• [PROVIDED MATERIAL]
(* Let $q\geq 3$ be an odd prime power and $m\geq 2$. Then the second largest odd coset leader modulo $q^m-1$ is $$\delta_2=(q-1)q^{m-1}-q^{\lfloor\frac{2m-1}{3}\rfloor}-q^{\lfloor\frac{m-1}{3}\rfloor}-1.$$
   Context: The $q$-cyclotomic coset of $i$ modulo $q^m-1$ is $\{i,iq,iq^2,\ldots\}\bmod(q^m-1)$; its smallest element is its coset leader. An odd coset leader is a coset leader that is an odd integer. *)

theory Defs
  imports "HOL-Computational_Algebra.Primes"
begin

definition cyc_coset :: "nat \<Rightarrow> nat \<Rightarrow> nat \<Rightarrow> nat set" where
  "cyc_coset q m i = {(i * q ^ j) mod (q ^ m - 1) | j. True}"

definition coset_leader :: "nat \<Rightarrow> nat \<Rightarrow> nat \<Rightarrow> bool" where
  "coset_leader q m i \<longleftrightarrow> i < q ^ m - 1 \<and> (\<forall>x \<in> cyc_coset q m i. i \<le> x)"

definition odd_coset_leaders :: "nat \<Rightarrow> nat \<Rightarrow> nat set" where
  "odd_coset_leaders q m = {i. coset_leader q m i \<and> odd i}"

definition prime_power :: "nat \<Rightarrow> bool" where
  "prime_power q \<longleftrightarrow> (\<exists>p k. prime p \<and> k \<ge> 1 \<and> q = p ^ k)"

end

theory Submission
  imports Defs
begin

text \<open>Let n = q^m - 1. For 0 < x < n, x is a coset leader iff its digitwise complement
n - x is the largest element of its cyclotomic coset ("coset maximal"), and as n is even both
have the same parity. Multiplication by q rotates the m base-q digits cyclically. So the claim
is that the two smallest odd coset maximal numbers are q^(m-1) and
y = q^(m-1) + q^a + q^b, where a = (2m-1) div 3 and b = (m-1) div 3.

That y is coset maximal comes from the cyclic gaps m-1-a, a-b, b+1 between its three nonzero
digits being nondecreasing; for q >= 3 there are no carries, so sums of three powers of q
compare like their exponents. Conversely, a coset maximal z < n has top digit at position m-1,
so if z < y is odd and z \<noteq> q^(m-1), then z = q^(m-1) + r with r even and nonzero. Hence
r = q^k + s with s odd, and s has a lowest nonzero digit, say at position l. Rotating the digit
at position k to the top gives l + (m-1-k) <= k, rotating the one at position l gives
m-2-l <= k; together with r < q^a + q^b this forces k = a = m-2-l and then a < 2b,
contradicting a >= 2b.\<close>

lemma power_split:
  fixes q i j n :: nat
  assumes "i + j = n"
  shows "q ^ n = q ^ i * q ^ j"
  unfolding assms[symmetric] by (rule power_add)

lemma power_less_power_Suc_imp_le:
  fixes q i k :: nat
  assumes "2 \<le> q" and "q ^ i < q ^ (k + 1)"
  shows "i \<le> k"
  using assms power_strict_increasing_iff[of q i "k + 1"] by simp

lemma double_power_le_power_Suc:
  fixes q k :: nat
  assumes "2 \<le> q"
  shows "2 * q ^ k \<le> q ^ (k + 1)"
  using mult_le_mono1[OF assms, of "q ^ k"] by simp

lemma power_add_power_less_power:
  fixes q c d a :: nat
  assumes "q \<ge> 3" "c < a" "d < a"
  shows "q ^ c + q ^ d < q ^ a"
proof -
  have "q ^ c \<le> q ^ (a - 1)" "q ^ d \<le> q ^ (a - 1)" "0 < q ^ (a - 1)"
    using assms by (simp_all add: power_increasing)
  moreover have "3 * q ^ (a - 1) \<le> q * q ^ (a - 1)"
    using assms(1) by (rule mult_le_mono1)
  moreover have "q * q ^ (a - 1) = q ^ a"
    using assms(2) by (cases a) simp_all
  ultimately show ?thesis
    by linarith
qed

lemma three_powers_le_power:
  fixes q i j k t :: nat
  assumes "q \<ge> 3" "i < t" "j < t" "k < t"
  shows "q ^ i + q ^ j + q ^ k \<le> q ^ t"
proof -
  have "q ^ i \<le> q ^ (t - 1)" "q ^ j \<le> q ^ (t - 1)" "q ^ k \<le> q ^ (t - 1)"
    using assms by (simp_all add: power_increasing)
  moreover have "3 * q ^ (t - 1) \<le> q * q ^ (t - 1)"
    using assms(1) by (rule mult_le_mono1)
  moreover have "q * q ^ (t - 1) = q ^ t"
    using assms(2) by (cases t) simp_all
  ultimately show ?thesis
    by linarith
qed

lemma three_powers_le_lex:
  fixes q e1 e2 e3 t a b :: nat
  assumes q: "q \<ge> 3" and e: "e1 \<le> t" "e2 < t" "e3 < t"
    and top: "e1 = t \<Longrightarrow> e2 \<le> a \<and> e3 \<le> b \<and> e3 < a"
  shows "q ^ e1 + q ^ e2 + q ^ e3 \<le> q ^ t + q ^ a + q ^ b"
proof (cases "e1 = t")
  case True
  have "q ^ e2 + q ^ e3 \<le> q ^ a + q ^ b"
  proof (cases "e2 = a")
    case True
    then show ?thesis
      using top \<open>e1 = t\<close> q by (simp add: power_increasing)
  next
    case False
    then have "q ^ e2 + q ^ e3 < q ^ a"
      using top \<open>e1 = t\<close> q by (intro power_add_power_less_power) auto
    then show ?thesis by simp
  qed
  with True show ?thesis by simp
next
  case False
  then have "q ^ e1 + q ^ e2 + q ^ e3 \<le> q ^ t"
    using q e by (intro three_powers_le_power) auto
  then show ?thesis by simp
qed

lemma three_powers_less:
  fixes q m a b :: nat
  assumes q: "q \<ge> 3" and ab: "b < a" "a < m"
  shows "q ^ (m - 1) + q ^ a + q ^ b < q ^ m - 1"
proof -
  define k where "k = m - 2"
  have m: "m - 1 = k + 1" "m = k + 2"
    using ab by (simp_all add: k_def)
  have "q ^ a \<le> q ^ (k + 1)" "q ^ b \<le> q ^ k"
    using q ab m by (intro power_increasing; simp)+
  moreover have "1 \<le> q ^ k"
    using q by simp
  moreover have "3 * q ^ k \<le> q ^ (k + 1)" "3 * q ^ (k + 1) \<le> q ^ (k + 2)"
    using mult_le_mono1[OF q, of "q ^ k"] mult_le_mono1[OF q, of "q ^ (k + 1)"] by simp_all
  ultimately show ?thesis
    unfolding m(1) unfolding m(2) by linarith
qed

• [PROBLEM DETAILS] Copy the records word for word.

• [EXPECTED ANSWER]
(* Let $q\geq 3$ be an odd prime power and $m\geq 2$. Then the second largest odd coset leader modulo $q^m-1$ is $$\delta_2=(q-1)q^{m-1}-q^{\lfloor\frac{2m-1}{3}\rfloor}-q^{\lfloor\frac{m-1}{3}\rfloor}-1.$$
   Context: The $q$-cyclotomic coset of $i$ modulo $q^m-1$ is $\{i,iq,iq^2,\ldots\}\bmod(q^m-1)$; its smallest element is its coset leader. An odd coset leader is a coset leader that is an odd integer. *)

theory Defs
  imports "HOL-Computational_Algebra.Primes"
begin

definition cyc_coset :: "nat \<Rightarrow> nat \<Rightarrow> nat \<Rightarrow> nat set" where
  "cyc_coset q m i = {(i * q ^ j) mod (q ^ m - 1) | j. True}"

definition coset_leader :: "nat \<Rightarrow> nat \<Rightarrow> nat \<Rightarrow> bool" where
  "coset_leader q m i \<longleftrightarrow> i < q ^ m - 1 \<and> (\<forall>x \<in> cyc_coset q m i. i \<le> x)"

definition odd_coset_leaders :: "nat \<Rightarrow> nat \<Rightarrow> nat set" where
  "odd_coset_leaders q m = {i. coset_leader q m i \<and> odd i}"

definition prime_power :: "nat \<Rightarrow> bool" where
  "prime_power q \<longleftrightarrow> (\<exists>p k. prime p \<and> k \<ge> 1 \<and> q = p ^ k)"

end

theory Submission
  imports Defs
begin

text \<open>Let n = q^m - 1. For 0 < x < n, x is a coset leader iff its digitwise complement
n - x is the largest element of its cyclotomic coset ("coset maximal"), and as n is even both
have the same parity. Multiplication by q rotates the m base-q digits cyclically. So the claim
is that the two smallest odd coset maximal numbers are q^(m-1) and
y = q^(m-1) + q^a + q^b, where a = (2m-1) div 3 and b = (m-1) div 3.

That y is coset maximal comes from the cyclic gaps m-1-a, a-b, b+1 between its three nonzero
digits being nondecreasing; for q >= 3 there are no carries, so sums of three powers of q
compare like their exponents. Conversely, a coset maximal z < n has top digit at position m-1,
so if z < y is odd and z \<noteq> q^(m-1), then z = q^(m-1) + r with r even and nonzero. Hence
r = q^k + s with s odd, and s has a lowest nonzero digit, say at position l. Rotating the digit
at position k to the top gives l + (m-1-k) <= k, rotating the one at position l gives
m-2-l <= k; together with r < q^a + q^b this forces k = a = m-2-l and then a < 2b,
contradicting a >= 2b.\<close>

lemma power_split:
  fixes q i j n :: nat
  assumes "i + j = n"
  shows "q ^ n = q ^ i * q ^ j"
  unfolding assms[symmetric] by (rule power_add)

lemma power_less_power_Suc_imp_le:
  fixes q i k :: nat
  assumes "2 \<le> q" and "q ^ i < q ^ (k + 1)"
  shows "i \<le> k"
  using assms power_strict_increasing_iff[of q i "k + 1"] by simp

lemma double_power_le_power_Suc:
  fixes q k :: nat
  assumes "2 \<le> q"
  shows "2 * q ^ k \<le> q ^ (k + 1)"
  using mult_le_mono1[OF assms, of "q ^ k"] by simp

lemma power_add_power_less_power:
  fixes q c d a :: nat
  assumes "q \<ge> 3" "c < a" "d < a"
  shows "q ^ c + q ^ d < q ^ a"
proof -
  have "q ^ c \<le> q ^ (a - 1)" "q ^ d \<le> q ^ (a - 1)" "0 < q ^ (a - 1)"
    using assms by (simp_all add: power_increasing)
  moreover have "3 * q ^ (a - 1) \<le> q * q ^ (a - 1)"
    using assms(1) by (rule mult_le_mono1)
  moreover have "q * q ^ (a - 1) = q ^ a"
    using assms(2) by (cases a) simp_all
  ultimately show ?thesis
    by linarith
qed

lemma three_powers_le_power:
  fixes q i j k t :: nat
  assumes "q \<ge> 3" "i < t" "j < t" "k < t"
  shows "q ^ i + q ^ j + q ^ k \<le> q ^ t"
proof -
  have "q ^ i \<le> q ^ (t - 1)" "q ^ j \<le> q ^ (t - 1)" "q ^ k \<le> q ^ (t - 1)"
    using assms by (simp_all add: power_increasing)
  moreover have "3 * q ^ (t - 1) \<le> q * q ^ (t - 1)"
    using assms(1) by (rule mult_le_mono1)
  moreover have "q * q ^ (t - 1) = q ^ t"
    using assms(2) by (cases t) simp_all
  ultimately show ?thesis
    by linarith
qed

lemma three_powers_le_lex:
  fixes q e1 e2 e3 t a b :: nat
  assumes q: "q \<ge> 3" and e: "e1 \<le> t" "e2 < t" "e3 < t"
    and top: "e1 = t \<Longrightarrow> e2 \<le> a \<and> e3 \<le> b \<and> e3 < a"
  shows "q ^ e1 + q ^ e2 + q ^ e3 \<le> q ^ t + q ^ a + q ^ b"
proof (cases "e1 = t")
  case True
  have "q ^ e2 + q ^ e3 \<le> q ^ a + q ^ b"
  proof (cases "e2 = a")
    case True
    then show ?thesis
      using top \<open>e1 = t\<close> q by (simp add: power_increasing)
  next
    case False
    then have "q ^ e2 + q ^ e3 < q ^ a"
      using top \<open>e1 = t\<close> q by (intro power_add_power_less_power) auto
    then show ?thesis by simp
  qed
  with True show ?thesis by simp
next
  case False
  then have "q ^ e1 + q ^ e2 + q ^ e3 \<le> q ^ t"
    using q e by (intro three_powers_le_power) auto
  then show ?thesis by simp
qed

lemma three_powers_less:
  fixes q m a b :: nat
  assumes q: "q \<ge> 3" and ab: "b < a" "a < m"
  shows "q ^ (m - 1) + q ^ a + q ^ b < q ^ m - 1"
proof -
  define k where "k = m - 2"
  have m: "m - 1 = k + 1" "m = k + 2"
    using ab by (simp_all add: k_def)
  have "q ^ a \<le> q ^ (k + 1)" "q ^ b \<le> q ^ k"
    using q ab m by (intro power_increasing; simp)+
  moreover have "1 \<le> q ^ k"
    using q by simp
  moreover have "3 * q ^ k \<le> q ^ (k + 1)" "3 * q ^ (k + 1) \<le> q ^ (k + 2)"
    using mult_le_mono1[OF q, of "q ^ k"] mult_le_mono1[OF q, of "q ^ (k + 1)"] by simp_all
  ultimately show ?thesis
    unfolding m(1) unfolding m(2) by linarith
qed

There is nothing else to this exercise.